- _TASK_: Please repeat only the stretch of records running from the first line through the line that contains "i.e. \<open>-Q/P\<close> is".

[Collected data entries]
○ ○ ○ ○ ○ ○ ○

(* Let $n$ be a positive integer, $b_0,\dots,b_{n-1},\beta_0,\dots,\beta_{n-1}\in\mathbb R$, and \[ \widetilde\Delta(z)=z^n+\sum_{k=0}^{n-1}b_kz^k+e^{-z}\sum_{k=0}^{n-1}\beta_kz^k,\quad z\in\mathbb C. \] Then $0$ is a root of multiplicity $2n$ of $\widetilde\Delta$ if and only if, for every $k\in\{0,\dots,n-1\}$, \[ b_k=(-1)^{n-k}\frac{n!}{k!}\binom{2n-k-1}{n-1},\qquad \beta_k=(-1)^{n-1}\frac{(2n-k-1)!}{k!\,(n-k-1)!}. \]
   Context: A root $z_0$ of $\widetilde\Delta$ has multiplicity $2n$ when $\widetilde\Delta^{(k)}(z_0)=0$ for $k=0,\dots,2n-1$ (multiplicity can be at most $2n$ for this quasipolynomial). *)

theory Defs
  imports "HOL-Complex_Analysis.Complex_Analysis"
begin

definition Delta_tilde :: "nat \<Rightarrow> (nat \<Rightarrow> real) \<Rightarrow> (nat \<Rightarrow> real) \<Rightarrow> complex \<Rightarrow> complex" where
  "Delta_tilde n b \<beta> z = z ^ n + (\<Sum>k<n. complex_of_real (b k) * z ^ k)
      + exp (- z) * (\<Sum>k<n. complex_of_real (\<beta> k) * z ^ k)"

definition root_of_mult :: "(complex \<Rightarrow> complex) \<Rightarrow> complex \<Rightarrow> nat \<Rightarrow> bool" where
  "root_of_mult f z0 m \<longleftrightarrow> (\<forall>k<m. (deriv ^^ k) f z0 = 0)"

end

theory Submission
  imports Defs
begin

text \<open>
  Write \<open>P = z\<^sup>n + \<Sum> b\<^sub>k z\<^sup>k\<close> and \<open>Q = \<Sum> \<beta>\<^sub>k z\<^sup>k\<close>. Multiplying by the unit \<open>e\<^sup>z\<close>, the root condition
  says that \<open>e\<^sup>z P + Q\<close> vanishes to order \<open>2n\<close>; as \<open>deg Q < n\<close>, this means that the coefficients
  \<open>n, \<dots>, 2n - 1\<close> of \<open>e\<^sup>z P\<close> vanish and that \<open>Q\<close> is minus the part of \<open>e\<^sup>z P\<close> below degree \<open>n\<close>,
  i.e. \<open>-Q/P\<close> is the \<open>[n-1/n]\<close> Pade approximant of \<open>e\<^sup>z\<close>.

  Vandermonde's convolution exhibits one such \<open>P\<^sub>0\<close>: the \<open>m\<close>-th coefficient of \<open>e\<^sup>z P\<^sub>0\<close> is
  \<open>n!/m! \<cdot> (m - n gchoose n)\<close>, which vanishes for \<open>n \<le> m < 2n\<close>. It is the only one: for
  \<open>G = P - P\<^sub>0\<close>, of degree \<open>< n\<close>, and \<open>D\<close> the formal derivative, the series \<open>D\<^sup>n (e\<^sup>z G) = e\<^sup>z (D + 1)\<^sup>n G\<close> vanishes to order \<open>n\<close>,
  hence so does \<open>(D + 1)\<^sup>n G\<close>; but \<open>(D + 1)\<^sup>n\<close> preserves the top coefficient of \<open>G\<close>.
\<close>

lemma fps_nth_poly_sum:
  "(\<Sum>k<n. fps_const (c k) * fps_X ^ k) $ m = (if m < n then c m else (0 :: 'a::comm_ring_1))"
  by (simp add: fps_sum_nth if_distrib [of "times _"] sum.delta cong: if_cong)

lemma fps_mult_nth_eq_0_below:
  fixes G H :: "'a::comm_semiring_0 fps"
  assumes "\<forall>m<N. G $ m = 0" "m < N"
  shows "(H * G) $ m = 0"
  unfolding fps_mult_nth using assms by (intro sum.neutral) auto

lemma fps_exp_mult_nth_eq_0_below_iff:
  fixes F :: "'a::field_char_0 fps"
  shows "(\<forall>m<N. (fps_exp c * F) $ m = 0) \<longleftrightarrow> (\<forall>m<N. F $ m = 0)"
proof
  assume "\<forall>m<N. (fps_exp c * F) $ m = 0"
  then have "\<forall>m<N. (fps_exp (- c) * (fps_exp c * F)) $ m = 0"
    using fps_mult_nth_eq_0_below by blast
  then show "\<forall>m<N. F $ m = 0"
    by (simp add: mult.assoc [symmetric] fps_exp_add_mult [symmetric])
qed (use fps_mult_nth_eq_0_below in blast)

lemma fps_higher_deriv_nth:
  fixes F :: "'a::field_char_0 fps"
  shows "(fps_deriv ^^ k) F $ j = fact (j + k) / fact j * F $ (j + k)"
proof (induction k arbitrary: j)
  case (Suc k)
  have "(fps_deriv ^^ Suc k) F $ j = of_nat (j + 1) * (fps_deriv ^^ k) F $ (j + 1)"
    by simp
  also have "\<dots> = fact (j + Suc k) / fact j * F $ (j + Suc k)"
    by (simp only: Suc) (simp add: fact_Suc field_simps del: of_nat_Suc)
  finally show ?case .
qed simp

lemma root_of_mult_iff_fps_nth:
  assumes "f has_fps_expansion F"
  shows "root_of_mult f 0 m \<longleftrightarrow> (\<forall>k<m. F $ k = 0)"
  unfolding root_of_mult_def fps_nth_fps_expansion [OF assms] by simp

definition fps_deriv_plus_id :: "'a::comm_semiring_1 fps \<Rightarrow> 'a fps" where
  "fps_deriv_plus_id F = fps_deriv F + F"

lemma fps_higher_deriv_exp_mult:
  fixes F :: "'a::field_char_0 fps"
  shows "(fps_deriv ^^ k) (fps_exp 1 * F) = fps_exp 1 * (fps_deriv_plus_id ^^ k) F"
  by (induction k) (simp_all add: fps_deriv_plus_id_def algebra_simps)

lemma fps_deriv_plus_id_funpow_nth_top:
  fixes F :: "'a::comm_semiring_1 fps"
  assumes "\<forall>m>d. F $ m = 0" "d \<le> m"
  shows "(fps_deriv_plus_id ^^ k) F $ m = F $ m"
  using assms(2)
proof (induction k arbitrary: m)
  case (Suc k)
  then show ?case using assms(1) by (simp add: fps_deriv_plus_id_def)
qed simp


lemma fps_exp_mult_gap_imp_zero:
  fixes G :: "'a::field_char_0 fps"
  assumes deg: "\<forall>m\<ge>n. G $ m = 0"
    and gap: "\<forall>m. n \<le> m \<and> m < 2 * n \<longrightarrow> (fps_exp 1 * G) $ m = 0"
  shows "G = 0"
proof (rule ccontr)
  assume "G \<noteq> 0"
  define d where "d = Max {m. G $ m \<noteq> 0}"
  have sub: "{m. G $ m \<noteq> 0} \<subseteq> {..<n}"
    using deg by (auto simp flip: not_le)
  then have fin: "finite {m. G $ m \<noteq> 0}"
    by (rule finite_subset) simp
  have "{m. G $ m \<noteq> 0} \<noteq> {}"
    using \<open>G \<noteq> 0\<close> by (auto simp: fps_eq_iff)
  with fin have "d \<in> {m. G $ m \<noteq> 0}"
    unfolding d_def by (rule Max_in)
  with sub have "G $ d \<noteq> 0" "d < n"
    by auto
  have top: "\<forall>m>d. G $ m = 0"
    using Max_ge[OF fin] unfolding d_def by (auto simp flip: not_le)
  have "\<forall>j<n. (fps_deriv ^^ n) (fps_exp 1 * G) $ j = 0"
    using gap by (simp add: fps_higher_deriv_nth)
  then have "\<forall>j<n. (fps_deriv_plus_id ^^ n) G $ j = 0"
    by (simp add: fps_higher_deriv_exp_mult fps_exp_mult_nth_eq_0_below_iff)
  moreover have "(fps_deriv_plus_id ^^ n) G $ d = G $ d"
    using top by (rule fps_deriv_plus_id_funpow_nth_top) simp
  ultimately show False
    using \<open>d < n\<close> \<open>G $ d \<noteq> 0\<close> by simp
qed

definition exp_pade_denom :: "nat \<Rightarrow> nat \<Rightarrow> 'a::field_char_0" where
  "exp_pade_denom n k = (if k \<le> n then fact n / fact k * ((- of_nat n) gchoose (n - k)) else 0)"

definition exp_pade_numer :: "nat \<Rightarrow> nat \<Rightarrow> 'a::field_char_0" where
  "exp_pade_numer n k = (if k < n then - (fact n / fact k * ((of_nat k - of_nat n) gchoose n)) else 0)"

lemma exp_pade_denom_self [simp]: "exp_pade_denom n n = 1"
  by (simp add: exp_pade_denom_def)

lemma exp_pade_denom_eq_0 [simp]: "n < k \<Longrightarrow> exp_pade_denom n k = 0"
  by (simp add: exp_pade_denom_def)

lemma fps_exp_mult_exp_pade_denom_nth:
  "(fps_exp 1 * Abs_fps (exp_pade_denom n)) $ m
     = fact n / fact m * ((of_nat m - of_nat n) gchoose n :: 'a::field_char_0)"
proof -
  define h :: "nat \<Rightarrow> 'a" where
    "h i = (of_nat m gchoose i) * (if i \<le> n then (- of_nat n) gchoose (n - i) else 0)" for i
  have h_eq_0: "h i = 0" if "m < i \<or> n < i" for i
    using that by (auto simp: h_def binomial_gbinomial [symmetric])
  have "(fps_exp 1 * Abs_fps (exp_pade_denom n)) $ m = (\<Sum>i=0..m. exp_pade_denom n i / fact (m - i))"
    by (simp add: mult.commute [of "fps_exp 1"] fps_mult_nth)
  also have "\<dots> = (\<Sum>i=0..m. fact n / fact m * h i)"
  proof (rule sum.cong [OF refl])
    fix i assume "i \<in> {0..m}"
    then have "(of_nat m gchoose i :: 'a) = fact m / (fact i * fact (m - i))"
      by (simp add: binomial_gbinomial [symmetric] binomial_fact)
    then show "exp_pade_denom n i / fact (m - i) = fact n / fact m * h i"
      by (simp add: exp_pade_denom_def h_def field_simps)
  qed
  also have "\<dots> = fact n / fact m * (\<Sum>i=0..m. h i)"
    by (rule sum_distrib_left [symmetric])
  also have "(\<Sum>i=0..m. h i) = (\<Sum>i=0..m + n. h i)"
    by (rule sum.mono_neutral_left) (auto intro: h_eq_0)
  also have "\<dots> = (\<Sum>i=0..n. h i)"
    by (rule sum.mono_neutral_right) (auto intro: h_eq_0)
  also have "\<dots> = (\<Sum>i=0..n. (of_nat m gchoose i) * ((- of_nat n) gchoose (n - i)))"
    by (simp add: h_def)
  also have "\<dots> = (of_nat m - of_nat n) gchoose n"
    by (simp add: gbinomial_Vandermonde)
  finally show ?thesis .
qed

lemma fps_exp_mult_exp_pade_denom_gap:
  assumes "n \<le> m" "m < 2 * n"
  shows "(fps_exp 1 * Abs_fps (exp_pade_denom n)) $ m = (0 :: 'a::field_char_0)"
proof -
  have "(of_nat m - of_nat n :: 'a) gchoose n = of_nat ((m - n) choose n)"
    using assms(1) by (simp add: binomial_gbinomial of_nat_diff)
  also have "(m - n) choose n = 0"
    using assms by simp
  finally show ?thesis
    by (simp add: fps_exp_mult_exp_pade_denom_nth)
qed

lemma exp_mult_gap_iff_exp_pade_denom:
  fixes P :: "'a::field_char_0 fps"
  assumes monic: "P $ n = 1" and deg: "\<forall>m>n. P $ m = 0"
  shows "(\<forall>m. n \<le> m \<and> m < 2 * n \<longrightarrow> (fps_exp 1 * P) $ m = 0)
           \<longleftrightarrow> P = Abs_fps (exp_pade_denom n)"
proof
  assume gap: "\<forall>m. n \<le> m \<and> m < 2 * n \<longrightarrow> (fps_exp 1 * P) $ m = 0"
  have "P - Abs_fps (exp_pade_denom n) = 0"
  proof (rule fps_exp_mult_gap_imp_zero)
    show "\<forall>m\<ge>n. (P - Abs_fps (exp_pade_denom n)) $ m = 0"
      using monic deg by (auto simp: le_less)
    show "\<forall>m. n \<le> m \<and> m < 2 * n \<longrightarrow> (fps_exp 1 * (P - Abs_fps (exp_pade_denom n))) $ m = 0"
      using gap by (simp add: right_diff_distrib fps_exp_mult_exp_pade_denom_gap)
  qed
  then show "P = Abs_fps (exp_pade_denom n)"
    by simp
qed (simp add: fps_exp_mult_exp_pade_denom_gap)

lemma exp_quasipoly_vanishing_iff:
  fixes P Q :: "'a::field_char_0 fps"
  assumes monic: "P $ n = 1" and P_deg: "\<forall>m>n. P $ m = 0" and Q_deg: "\<forall>m\<ge>n. Q $ m = 0"
  shows "(\<forall>m<2 * n. (P + fps_exp (-1) * Q) $ m = 0) \<longleftrightarrow>
    (\<forall>k<n. P $ k = exp_pade_denom n k \<and> Q $ k = exp_pade_numer n k)"
proof -
  have "fps_exp 1 * (P + fps_exp (-1) * Q) = fps_exp 1 * P + Q"
    by (simp add: distrib_left mult.assoc [symmetric] fps_exp_add_mult [symmetric])
  then have "(\<forall>m<2 * n. (P + fps_exp (-1) * Q) $ m = 0) \<longleftrightarrow> (\<forall>m<2 * n. (fps_exp 1 * P + Q) $ m = 0)"
    using fps_exp_mult_nth_eq_0_below_iff [of "2 * n" 1 "P + fps_exp (-1) * Q"] by simp
  also have "\<dots> \<longleftrightarrow> (\<forall>m. n \<le> m \<and> m < 2 * n \<longrightarrow> (fps_exp 1 * P) $ m = 0)
                    \<and> (\<forall>k<n. Q $ k = - (fps_exp 1 * P) $ k)"
    using Q_deg by (auto simp: eq_neg_iff_add_eq_0 add.commute) (metis add_0 not_le)
  also have "\<dots> \<longleftrightarrow> P = Abs_fps (exp_pade_denom n) \<and> (\<forall>k<n. Q $ k = - (fps_exp 1 * P) $ k)"
    by (simp add: exp_mult_gap_iff_exp_pade_denom [OF monic P_deg])
  also have "\<dots> \<longleftrightarrow> (\<forall>k<n. P $ k = exp_pade_denom n k \<and> Q $ k = exp_pade_numer n k)"
  proof -
    have "P = Abs_fps (exp_pade_denom n) \<longleftrightarrow> (\<forall>k<n. P $ k = exp_pade_denom n k)"
      using monic P_deg by (auto simp: fps_eq_iff) (metis exp_pade_denom_eq_0 exp_pade_denom_self linorder_neqE_nat)
    then show ?thesis
      by (auto simp: fps_exp_mult_exp_pade_denom_nth exp_pade_numer_def)
  qed
  finally show ?thesis .
qed

lemma exp_pade_denom_closed_form:
  assumes "k < n"
  shows "exp_pade_denom n k
           = ((-1) ^ (n - k) * (fact n / fact k) * of_nat ((2 * n - k - 1) choose (n - 1)) :: 'a::field_char_0)"
proof -
  have "(- of_nat n :: 'a) gchoose (n - k) = (-1) ^ (n - k) * (of_nat (2 * n - k - 1) gchoose (n - k))"
    using assms by (subst gbinomial_negated_upper) (simp add: of_nat_diff)
  also have "(2 * n - k - 1) choose (n - k) = (2 * n - k - 1) choose (n - 1)"
    using assms binomial_symmetric [of "n - 1" "2 * n - k - 1"] by simp
  then have "(of_nat (2 * n - k - 1) gchoose (n - k) :: 'a) = of_nat ((2 * n - k - 1) choose (n - 1))"
    by (metis binomial_gbinomial)
  finally show ?thesis
    using assms by (simp add: exp_pade_denom_def)
qed

lemma exp_pade_numer_closed_form:
  assumes "k < n"
  shows "exp_pade_numer n k
           = ((-1) ^ (n - 1) * fact (2 * n - k - 1) / (fact k * fact (n - k - 1)) :: 'a::field_char_0)"
proof -
  have "(of_nat k - of_nat n :: 'a) gchoose n = (-1) ^ n * (of_nat (2 * n - k - 1) gchoose n)"
    using assms by (subst gbinomial_negated_upper) (simp add: of_nat_diff)
  also have "(of_nat (2 * n - k - 1) gchoose n :: 'a) = of_nat ((2 * n - k - 1) choose n)"
    by (rule binomial_gbinomial [symmetric])
  also have "\<dots> = fact (2 * n - k - 1) / (fact n * fact (n - k - 1))"
  proof -
    have "n \<le> 2 * n - k - 1" "2 * n - k - 1 - n = n - k - 1"
      using assms by linarith+
    then show ?thesis
      by (simp add: binomial_fact)
  qed
  also have "(-1 :: 'a) ^ n = - ((-1) ^ (n - 1))"
    using assms by (cases n) auto
  finally show ?thesis
    using assms by (simp add: exp_pade_numer_def field_simps)
qed

lemma of_real_exp_pade_denom:
  "of_real (exp_pade_denom n k) = (exp_pade_denom n k :: 'a::{real_field, field_char_0})"
proof (cases "k < n")
  case True
  then show ?thesis
    by (simp add: exp_pade_denom_closed_form)
next
  case False
  then show ?thesis
    by (cases "k = n") simp_all
qed

lemma of_real_exp_pade_numer:
  "of_real (exp_pade_numer n k) = (exp_pade_numer n k :: 'a::{real_field, field_char_0})"
proof (cases "k < n")
  case True
  then show ?thesis
    by (simp add: exp_pade_numer_closed_form)
qed (simp add: exp_pade_numer_def)

theorem lemma4p3:
  fixes n :: nat and b \<beta> :: "nat \<Rightarrow> real"
  assumes "n > 0"
  shows "root_of_mult (Delta_tilde n b \<beta>) 0 (2 * n) \<longleftrightarrow>
    (\<forall>k<n. b k = (-1) ^ (n - k) * (fact n / fact k) * real ((2 * n - k - 1) choose (n - 1))
          \<and> \<beta> k = (-1) ^ (n - 1) * fact (2 * n - k - 1) / (fact k * fact (n - k - 1)))"
proof -
  define P :: "complex fps" where "P = fps_X ^ n + (\<Sum>k<n. fps_const (of_real (b k)) * fps_X ^ k)"
  define Q :: "complex fps" where "Q = (\<Sum>k<n. fps_const (of_real (\<beta> k)) * fps_X ^ k)"
  have "Delta_tilde n b \<beta> has_fps_expansion P + fps_exp (-1) * Q"
    unfolding Delta_tilde_def [abs_def] P_def Q_def by (intro fps_expansion_intros)
  then have "root_of_mult (Delta_tilde n b \<beta>) 0 (2 * n) \<longleftrightarrow> (\<forall>m<2 * n. (P + fps_exp (-1) * Q) $ m = 0)"
    by (rule root_of_mult_iff_fps_nth)
  also have "\<dots> \<longleftrightarrow> (\<forall>k<n. P $ k = exp_pade_denom n k \<and> Q $ k = exp_pade_numer n k)"
    by (rule exp_quasipoly_vanishing_iff) (simp_all add: P_def Q_def fps_nth_poly_sum)
  also have "\<dots> \<longleftrightarrow> (\<forall>k<n. b k = exp_pade_denom n k \<and> \<beta> k = exp_pade_numer n k)"
    by (simp add: P_def Q_def fps_nth_poly_sum
        flip: of_real_exp_pade_denom [where 'a = complex] of_real_exp_pade_numer [where 'a = complex])
  also have "\<dots> \<longleftrightarrow> (\<forall>k<n. b k = (-1) ^ (n - k) * (fact n / fact k) * real ((2 * n - k - 1) choose (n - 1))
          \<and> \<beta> k = (-1) ^ (n - 1) * fact (2 * n - k - 1) / (fact k * fact (n - k - 1)))"
    by (simp add: exp_pade_denom_closed_form exp_pade_numer_closed_form)
  finally show ?thesis .
qed

end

○ ○ ○ ○ ○ ○ ○

- _WRITTEN REPLY_:
(* Let $n$ be a positive integer, $b_0,\dots,b_{n-1},\beta_0,\dots,\beta_{n-1}\in\mathbb R$, and \[ \widetilde\Delta(z)=z^n+\sum_{k=0}^{n-1}b_kz^k+e^{-z}\sum_{k=0}^{n-1}\beta_kz^k,\quad z\in\mathbb C. \] Then $0$ is a root of multiplicity $2n$ of $\widetilde\Delta$ if and only if, for every $k\in\{0,\dots,n-1\}$, \[ b_k=(-1)^{n-k}\frac{n!}{k!}\binom{2n-k-1}{n-1},\qquad \beta_k=(-1)^{n-1}\frac{(2n-k-1)!}{k!\,(n-k-1)!}. \]
   Context: A root $z_0$ of $\widetilde\Delta$ has multiplicity $2n$ when $\widetilde\Delta^{(k)}(z_0)=0$ for $k=0,\dots,2n-1$ (multiplicity can be at most $2n$ for this quasipolynomial). *)

theory Defs
  imports "HOL-Complex_Analysis.Complex_Analysis"
begin

definition Delta_tilde :: "nat \<Rightarrow> (nat \<Rightarrow> real) \<Rightarrow> (nat \<Rightarrow> real) \<Rightarrow> complex \<Rightarrow> complex" where
  "Delta_tilde n b \<beta> z = z ^ n + (\<Sum>k<n. complex_of_real (b k) * z ^ k)
      + exp (- z) * (\<Sum>k<n. complex_of_real (\<beta> k) * z ^ k)"

definition root_of_mult :: "(complex \<Rightarrow> complex) \<Rightarrow> complex \<Rightarrow> nat \<Rightarrow> bool" where
  "root_of_mult f z0 m \<longleftrightarrow> (\<forall>k<m. (deriv ^^ k) f z0 = 0)"

end

theory Submission
  imports Defs
begin

text \<open>
  Write \<open>P = z\<^sup>n + \<Sum> b\<^sub>k z\<^sup>k\<close> and \<open>Q = \<Sum> \<beta>\<^sub>k z\<^sup>k\<close>. Multiplying by the unit \<open>e\<^sup>z\<close>, the root condition
  says that \<open>e\<^sup>z P + Q\<close> vanishes to order \<open>2n\<close>; as \<open>deg Q < n\<close>, this means that the coefficients
  \<open>n, \<dots>, 2n - 1\<close> of \<open>e\<^sup>z P\<close> vanish and that \<open>Q\<close> is minus the part of \<open>e\<^sup>z P\<close> below degree \<open>n\<close>,
  i.e. \<open>-Q/P\<close> is the \<open>[n-1/n]\<close> Pade approximant of \<open>e\<^sup>z\<close>.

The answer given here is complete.